Stored items:
════════

theorem mainTheorem12:
  fixes p q :: real and f :: "(nat \<Rightarrow> int) \<Rightarrow> int"
  assumes "p > 0" and "boolean_function f" and "p_knowable p f"
    and "q > 0" and "p * q > 1"
  shows "(\<forall>n::nat. n \<ge> 1 \<longrightarrow>
            summable (\<lambda>k. influence f (n + 1 + k) powr q) \<and>
            (\<Sum>k. influence f (n + 1 + k) powr q)
              \<le> enn2real (expected_max_witness_pow p f) powr q
                 * (real n powr (1 - p * q) / (p * q - 1)))
         \<and> (p > 1/2 \<longrightarrow> summable (\<lambda>k. (influence f k)\<^sup>2))"
proof -
  have nonneg: "influence f k \<ge> 0" for k by (simp add: influence_def)
  note tail_bound = summable_tail_powr_le[OF nonneg powr_mult_influence_le[OF assms(2,3) less_imp_le[OF assms(1)]]]
  have "summable (\<lambda>k. (influence f k)\<^sup>2)" if "p > 1/2"
  proof -
    have "summable (\<lambda>j. (influence f (j + 2))\<^sup>2)"
      using tail_bound[of 2 1] that nonneg by (simp add: add.commute)
    then show ?thesis by (rule iffD1[OF summable_iff_shift])
  qed
  then show ?thesis using tail_bound[OF assms(4,5)] by blast
qed

end
(* The lattice $K$ (defined in the context) is infinite, is generated as a lattice by the three elements $a=A_0$, $b=B_0$, $c=C$, and is $2$-modular.
   Context: Let $P=\{c\}\cup\{a_n:n<\omega\}\cup\{b_n:n<\omega\}$ be a set of distinct symbols. For $m,n<\omega$ put $A_m=\{a_k:k\geq m\}$, $B_n=\{b_k:k\geq n\}$, $C=\{c\}$. The lattice $K$ is the set consisting of $\varnothing$, $C$, all $A_m$, all $B_n$ ($m,n<\omega$), and all sets $C\cup A_m\cup B_n$ with $m,n<\omega$ and $|m-n|\leq 1$, ordered by inclusion (meets are intersections; $\varnothing$ is the zero and $C\cup A_0\cup B_0$ is the top). Equivalently, $K$ has join-irreducible elements $c$, $a_n$, $b_n$ ($n<\omega$) with $a_0>a_1>a_2>\cdots$, $b_0>b_1>\cdots$, these chains and $c$ mutually incomparable, and the only nontrivial join-covers among them being $c<a_m\vee b_n$, $a_{m}<b_n\vee c$ and $b_{m}<a_n\vee c$ for $m>n$. For a lattice $L$, define $u\mapsto u^{(1)}$ on $L^3$ by $\langle x,y,z\rangle^{(1)}=\langle x\vee(y\wedge z),\,y\vee(x\wedge z),\,z\vee(x\wedge y)\rangle$, and $u^{(0)}=u$, $u^{(k+1)}=(u^{(k)})^{(1)}$. For a positive integer $h$, $L$ is $h$-modular if $u^{(h+1)}=u^{(h)}$ for all $u\in L^3$. *)

theory Defs
  imports Main
begin

datatype sym = Sc | Sa nat | Sb nat

definition Aset :: "nat \<Rightarrow> sym set" where "Aset m = {Sa k | k. k \<ge> m}"
definition Bset :: "nat \<Rightarrow> sym set" where "Bset n = {Sb k | k. k \<ge> n}"
definition Cset :: "sym set" where "Cset = {Sc}"
theorem theorem2:
  fixes MX :: "'x measure" and MT :: "'t measure"
    and f :: "'t \<Rightarrow> 'x \<Rightarrow> real" and pr :: "'t \<Rightarrow> real"
    and B M :: nat and \<theta>0 :: 't
    and Q :: "'x \<Rightarrow> (nat \<Rightarrow> 't) \<Rightarrow> (nat \<Rightarrow> 'x) measure"
  assumes sfX: "sigma_finite_measure MX" and sfT: "sigma_finite_measure MT"
    and f_meas: "(\<lambda>(\<theta>, x). f \<theta> x) \<in> borel_measurable (MT \<Otimes>\<^sub>M MX)"
    and f_nonneg: "\<And>\<theta> x. \<theta> \<in> space MT \<Longrightarrow> x \<in> space MX \<Longrightarrow> 0 \<le> f \<theta> x"
    and f_dens: "\<And>\<theta>. \<theta> \<in> space MT \<Longrightarrow> (\<integral>\<^sup>+ x. ennreal (f \<theta> x) \<partial>MX) = 1"
    and pi_dens: "is_density MT pr"
    and pi_pos: "\<And>\<theta>. \<theta> \<in> space MT \<Longrightarrow> 0 < pr \<theta>"
    and pi_supp: "supp_cover MX MT f pr"
    and B: "1 \<le> B" and M: "1 \<le> M"
    and Q_kernel: "(\<lambda>(x, ts). Q x ts) \<in> MX \<Otimes>\<^sub>M PiM {1..B} (\<lambda>_. MT)
                      \<rightarrow>\<^sub>M prob_algebra (PiM {1..M} (\<lambda>_. MX))"
    and Q_exch: "\<And>ts. ts \<in> space (PiM {1..B} (\<lambda>_. MT)) \<Longrightarrow>
        0 < g_const MX MT f pr B ts \<Longrightarrow> g_const MX MT f pr B ts < \<infinity> \<Longrightarrow>
        exchangeable {0..M}
          (joint_law MX M (density MX (g_dens MX MT f pr B ts)) (\<lambda>x. Q x ts))"
    and \<theta>0: "\<theta>0 \<in> space MT"
  shows "ennreal (d_exch MX M
            (joint_law MX M (density MX (f \<theta>0))
               (\<lambda>x. PiM {1..B} (\<lambda>_. density MT (post_dens MT f pr x)) \<bind> (\<lambda>ts. Q x ts))))
         \<le> (INF pi0\<in>{pi0. is_density MT pi0 \<and> supp_cover MX MT f pi0}.
               ennreal (eps_err MX MT f \<theta>0 pi0)
               + Delta_err MX MT f pr \<theta>0 pi0 / ennreal (2 * sqrt (real B)))"
proof -
  interpret posterior_resampling MX MT f pr B M \<theta>0 Q
    by (rule posterior_resampling.intro)
      (fact sfX sfT f_meas f_nonneg f_dens pi_dens pi_pos pi_supp B Q_kernel Q_exch \<theta>0)+
  show ?thesis
  proof (rule INF_greatest)
    fix pi0 assume "pi0 \<in> {pi0. is_density MT pi0 \<and> supp_cover MX MT f pi0}"
    then interpret posterior_resampling_ref MX MT f pr B M \<theta>0 Q pi0
      by unfold_locales auto
    show "ennreal (d_exch MX M L)
        \<le> ennreal (eps_err MX MT f \<theta>0 pi0) + Delta_err MX MT f pr \<theta>0 pi0 / ennreal (2 * sqrt (real B))"
      by (rule d_exch_L_le)
  qed
qed

end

════════

Exercise prompt:
Where a line of the data above includes "have", copy that line.

Written reply:
  have nonneg: "influence f k \<ge> 0" for k by (simp add: influence_def)
  have "summable (\<lambda>k. (influence f k)\<^sup>2)" if "p > 1/2"
    have "summable (\<lambda>j. (influence f (j + 2))\<^sup>2)"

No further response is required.